Mad Honey Part 3: A Perilous Tradition.
Legend has it that the Gurung (or Tamu) people were once a nomadic tribe that crossed Tibet before settling in Nepal in the 6th century AD. Today, more than half a million ethnic Gurungs inhabit the mountain valleys; most identify as either Buddhist or Hindu, but animistic beliefs and customs also remain rooted deep in their folklore. Twice a year, in autumn and again in spring, intrepid Gurung hunters will risk life and limb in a hazardous three-day tradition that requires nerves of steel, as well as essential skills handed down through the generations for hundreds of years.
Tuesday is considered the ideal day of the week to embark on such an auspicious exercise, while several dates on the calendar are excluded for superstitious reasons. Similarly, women must keep well clear, and any man whose wife is menstruating or is more than six months pregnant is automatically excluded. Prior to their early morning departure, the hunters (or kuiche) will placate the gods with offerings of flowers, grains and fruit, and by sacrificing sheep, goats or chickens.

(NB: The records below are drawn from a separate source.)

definition blk :: "nat set \<Rightarrow> nat \<Rightarrow> nat set" where
  "blk x j = {i. i < 8 \<and> i + 8 * j \<in> x}"

definition Code24 :: "nat set set" where
  "Code24 = {x. x \<subseteq> {..<24} \<and> even (card (blk x 0)) \<and> even (card (blk x 1))
               \<and> even (card (blk x 2)) \<and> sdiff (sdiff (blk x 0) (blk x 1)) (blk x 2) \<in> H8}"

definition H8_sum :: "nat \<Rightarrow> nat set set" where
  "H8_sum k = {x. x \<subseteq> {..<8 * k} \<and> (\<forall>j<k. blk x j \<in> H8)}"

end

(*
  For a nonzero word beta of D, C_beta is the dual, inside Z_2^beta, of the restriction of D to
  beta.  Numbering the support of beta increasingly, the restrictions of the seven generators of D
  span the same code as a fixed generating set of the dual of the target code: RM(1,4) for
  |beta| = 16, the parity checks defining Code24 for |beta| = 24, RM(1,5) for |beta| = 32 and D
  itself for |beta| = 48.  Since RM(2,4) and RM(3,5) are the duals of RM(1,4) and RM(1,5), this
  identifies C_beta.  The direct sum of |beta|/8 copies of H_8 is self-dual because H_8 is, and it
  is orthogonal to each of these generating sets, so it lies in the target code; transported to
  beta it is the required self-dual subcode.

  Words are encoded as natural numbers.  The span equalities for all words of D and the dualities
  of H_8 and of the Reed-Muller codes are decided by Gaussian elimination on bit vectors, and only
  the soundness of these checks is needed.
*)

theory Submission
  imports Defs
begin

section \<open>Binary codes as sets of coordinates\<close>

lemma sdiff_assoc: "sdiff (sdiff a b) c = sdiff a (sdiff b c)"
  by (auto simp: sdiff_def)

lemma sdiff_commute: "sdiff a b = sdiff b a"
  by (auto simp: sdiff_def)

lemma sdiff_empty_left [simp]: "sdiff {} a = a"
  and sdiff_empty_right [simp]: "sdiff a {} = a"
  by (auto simp: sdiff_def)

lemma sdiff_self [simp]: "sdiff a a = {}"
  by (auto simp: sdiff_def)

lemma sdiff_sdiff_telescope: "sdiff (sdiff a b) (sdiff b c) = sdiff a c"
  by (auto simp: sdiff_def)

lemma sdiff_cancel_left: "sdiff a (sdiff a b) = b"
  by (auto simp: sdiff_def)

lemma Int_sdiff_distrib: "x \<inter> sdiff a b = sdiff (x \<inter> a) (x \<inter> b)"
  by (auto simp: sdiff_def)

lemma sdiff_Int_distrib: "sdiff a b \<inter> x = sdiff (a \<inter> x) (b \<inter> x)"
  by (auto simp: sdiff_def)

lemma sdiff_subset: "a \<subseteq> I \<Longrightarrow> b \<subseteq> I \<Longrightarrow> sdiff a b \<subseteq> I"
  by (auto simp: sdiff_def)

lemma even_card_sdiff_iff:
  assumes "finite A" "finite B"
  shows "even (card (sdiff A B)) \<longleftrightarrow> (even (card A) \<longleftrightarrow> even (card B))"
proof -
  have "sdiff A B = (A \<union> B) - (A \<inter> B)"
    by (auto simp: sdiff_def)
  moreover have "card (A \<inter> B) \<le> card (A \<union> B)"
    using assms by (intro card_mono) auto
  moreover have "card ((A \<union> B) - (A \<inter> B)) = card (A \<union> B) - card (A \<inter> B)"
    using assms by (intro card_Diff_subset) auto
  ultimately have "card (sdiff A B) + 2 * card (A \<inter> B) = card A + card B"
    using card_Un_Int[OF assms] by simp
  then show ?thesis
    by presburger
qed

lemma z2span_base: "g \<in> G \<Longrightarrow> g \<in> z2span G"
  using z2span.add[OF _ z2span.zero] by fastforce

lemma z2span_sdiff: "x \<in> z2span G \<Longrightarrow> y \<in> z2span G \<Longrightarrow> sdiff x y \<in> z2span G"
  by (induction x rule: z2span.induct) (simp_all add: sdiff_assoc z2span.add)

lemma z2span_least:
  assumes "{} \<in> S" and "\<And>g x. g \<in> G \<Longrightarrow> x \<in> S \<Longrightarrow> sdiff g x \<in> S"
  shows "z2span G \<subseteq> S"
proof
  show "x \<in> S" if "x \<in> z2span G" for x
    using that by induction (use assms in auto)
qed

lemma z2span_subset_z2span: "G \<subseteq> z2span H \<Longrightarrow> z2span G \<subseteq> z2span H"
  by (rule z2span_least) (auto intro: z2span.zero z2span_sdiff)

lemma z2span_mono: "G \<subseteq> H \<Longrightarrow> z2span G \<subseteq> z2span H"
  by (rule z2span_subset_z2span) (auto intro: z2span_base)

lemma z2span_subset_Pow: "G \<subseteq> Pow I \<Longrightarrow> z2span G \<subseteq> Pow I"
  by (rule z2span_least) (auto simp: sdiff_def)

lemma z2span_insert: "z2span (insert a G) = z2span G \<union> sdiff a ` z2span G"
proof
  have "sdiff g x \<in> z2span G \<union> sdiff a ` z2span G"
    if g: "g \<in> insert a G" and x: "x \<in> z2span G \<union> sdiff a ` z2span G" for g x
  proof (cases "g = a")
    case True
    with x show ?thesis
      by (auto simp: sdiff_cancel_left)
  next
    case False
    with g have "g \<in> z2span G"
      by (auto intro: z2span_base)
    moreover have "sdiff g (sdiff a y) = sdiff a (sdiff g y)" for y
      by (metis sdiff_assoc sdiff_commute)
    ultimately show ?thesis
      using x by (auto intro: z2span_sdiff)
  qed
  then show "z2span (insert a G) \<subseteq> z2span G \<union> sdiff a ` z2span G"
    by (intro z2span_least) (auto intro: z2span.zero)
next
  have "z2span G \<subseteq> z2span (insert a G)" and "a \<in> z2span (insert a G)"
    by (simp_all add: z2span_mono subset_insertI z2span_base)
  then show "z2span G \<union> sdiff a ` z2span G \<subseteq> z2span (insert a G)"
    by (auto intro: z2span_sdiff)
qed

lemma dual_code_antimono: "G \<subseteq> H \<Longrightarrow> dual_code I H \<subseteq> dual_code I G"
  by (auto simp: dual_code_def)

lemma dual_code_subset: "dual_code I A \<subseteq> Pow I"
  by (auto simp: dual_code_def)

lemma dual_code_z2span:
  assumes "finite I"
  shows "dual_code I (z2span G) = dual_code I G"
proof
  show "dual_code I (z2span G) \<subseteq> dual_code I G"
    by (rule dual_code_antimono) (auto intro: z2span_base)
next
  show "dual_code I G \<subseteq> dual_code I (z2span G)"
  proof
    fix x assume x: "x \<in> dual_code I G"
    then have "finite x"
      using assms by (auto simp: dual_code_def intro: finite_subset)
    have "even (card (x \<inter> y))" if "y \<in> z2span G" for y
      using that
    proof induction
      case (add g y)
      with x \<open>finite x\<close> show ?case
        by (simp add: dual_code_def Int_sdiff_distrib even_card_sdiff_iff)
    qed simp
    with x show "x \<in> dual_code I (z2span G)"
      by (auto simp: dual_code_def)
  qed
qed

lemma dual_code_sdiff:
  assumes "finite I" "x \<in> dual_code I H" "y \<in> dual_code I H"
  shows "sdiff x y \<in> dual_code I H"
proof -
  have "finite x" "finite y"
    using assms by (auto simp: dual_code_def intro: finite_subset)
  with assms show ?thesis
    by (auto simp: dual_code_def sdiff_subset sdiff_Int_distrib even_card_sdiff_iff)
qed

lemma z2span_subset_dual_code:
  assumes "finite I" "G \<subseteq> dual_code I H"
  shows "z2span G \<subseteq> dual_code I H"
proof (rule z2span_least)
  show "{} \<in> dual_code I H"
    by (simp add: dual_code_def)
qed (use assms in \<open>auto intro: dual_code_sdiff\<close>)

lemma dual_code_eq_if_z2span_eq:
  assumes "finite I" "z2span G = z2span H"
  shows "dual_code I G = dual_code I H"
  by (metis assms dual_code_z2span)

lemma dual_code_within_eq_empty:
  assumes "x \<in> dual_code I (z2span H)" "x \<subseteq> P"
    and "\<And>q. q \<in> P \<Longrightarrow> \<exists>t\<in>z2span H. t \<inter> P = {q}"
  shows "x = {}"
proof (rule ccontr)
  assume "x \<noteq> {}"
  then obtain q where "q \<in> x"
    by auto
  with assms obtain t where "t \<in> z2span H" "t \<inter> P = {q}"
    by blast
  with assms(2) \<open>q \<in> x\<close> have "x \<inter> t = {q}"
    by blast
  with assms(1) \<open>t \<in> z2span H\<close> show False
    by (auto simp: dual_code_def)
qed

text \<open>Systematic form: subtracting the words \<open>w\<close> reduces a dual word to one inside \<open>P\<close>,
  and the words \<open>t\<close> show that such a dual word is empty.\<close>

lemma z2span_eq_dual_code:
  assumes fin: "finite I" and G: "G \<subseteq> Pow I"
    and orth: "\<And>g h. g \<in> G \<Longrightarrow> h \<in> H \<Longrightarrow> even (card (g \<inter> h))"
    and W: "\<And>p. p \<in> I - P \<Longrightarrow> \<exists>w\<in>z2span G. w - P = {p}"
    and T: "\<And>q. q \<in> P \<Longrightarrow> \<exists>t\<in>z2span H. t \<inter> P = {q}"
  shows "z2span G = dual_code I H"
proof
  have span_dual: "z2span G \<subseteq> dual_code I H"
    using G orth by (intro z2span_subset_dual_code[OF fin]) (auto simp: dual_code_def)
  then show "z2span G \<subseteq> dual_code I H" .
  show "dual_code I H \<subseteq> z2span G"
  proof
    fix x assume "x \<in> dual_code I H"
    then show "x \<in> z2span G"
    proof (induction "card (x - P)" arbitrary: x rule: less_induct)
      case less
      have "x \<subseteq> I"
        using less.prems by (simp add: dual_code_def)
      have x_dual: "x \<in> dual_code I (z2span H)"
        using less.prems by (simp add: dual_code_z2span[OF fin])
      show ?case
      proof (cases "x \<subseteq> P")
        case True
        have "x = {}"
          using x_dual True T by (rule dual_code_within_eq_empty)
        then show ?thesis by (simp add: z2span.zero)
      next
        case False
        then obtain p where p: "p \<in> x" "p \<notin> P" by auto
        with W \<open>x \<subseteq> I\<close> obtain w where w: "w \<in> z2span G" "w - P = {p}" by blast
        define x' where "x' = sdiff x w"
        have "x' \<in> dual_code I H"
          unfolding x'_def using w(1) span_dual by (intro dual_code_sdiff[OF fin less.prems]) auto
        have "x' - P = (x - P) - {p}"
          using w(2) p unfolding x'_def sdiff_def by auto
        moreover have "finite (x - P)"
          using \<open>x \<subseteq> I\<close> fin by (auto intro: finite_subset)
        ultimately have "card (x' - P) < card (x - P)"
          using card_Diff1_less[of "x - P" p] p by simp
        with \<open>x' \<in> dual_code I H\<close> have "x' \<in> z2span G"
          by (rule less.hyps[rotated])
        with w(1) have "sdiff w x' \<in> z2span G"
          by (rule z2span_sdiff)
        then show ?thesis
          by (simp add: x'_def sdiff_commute[of x w] sdiff_cancel_left)
      qed
    qed
  qed
qed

The prize is ‘red honey’ (a form of ‘mad honey’) which incorporates hallucinogenic grayanotoxins derived from prolific seasonal rhododendron blooms. This elusive substance is manufactured by the Himalayan giant honey bee (Apis laboriosa), whose massive, single-comb, disc-shaped nests (sometimes referred to singularly as a ‘ray’ or ‘radius’) are strategically located under overhangs on treacherous, inaccessible cliffs – often up to 300 metres in height. These sites are commonly named to commemorate hunters who have perished while attempting to harvest the honey.
The Gurungs trek to the base of the cliffs, equipped only with ancient handmade bamboo ladders and hemp ropes. In some places it is customary to pour milk onto the cliff face prior to commencing the ascent. Then the hunters, clothed in traditional garments made from tough allo fibre (derived from the Himalayan nettle) begin the dizzying climb, swathed in smoke to calm the giant bees. A bamboo pole called a tango, measuring around seven metres in length and tipped with a wood or metal knife, is used to carve the rays of bees’ nests from the rock face. Another stick is used to manoeuvre a bamboo basket, which will catch the falling honeycomb. The basket is then lowered periodically to the ground, where the comb is wrung by hand to extract the honey.
The spoils of the hunt are typically divided amongst the village and the inhabitants may celebrate the success of the expedition with a cup of red honey tea! Fearful of incurring the wrath of the gods, some hunters refuse to sell their bounty and are careful not to destroy the bees’ nests, harvesting only part of the rays. Nothing is wasted: the wax is stored in wooden pots called donga and used to produce candles, and the bee brood is pressed to produce a thick juice, which when cooked resembles scrambled eggs (a local delicacy known as bakuti or bakuting). Alternatively, the larvae are simply grilled in a pan.
But red honey is renowned historically for its medicinal and psychoactive properties, and commands high prices internationally due to increasing popularity coupled with its scarcity and the difficulty of harvesting, Most will ultimately be bound for the export market. Such is the demand that harvesting rights have been sold to contractors; overharvesting is a concern and tourists are queueing up to participate in ‘honey hunt tours’. Commercialisation is endangering the traditional harvesting methods practised by the Gurung people for centuries, but there are also a variety of other threats to be confronted. The Himalayan giant honey bee is declining due to a combination of factors including disease, climate change, environmental deterioration and increased use of pesticides, while younger Gurungs are often attracted to city life and are reluctant to embrace precarious customary hunting techniques. Sadly, a unique and ancient way of life may soon vanish.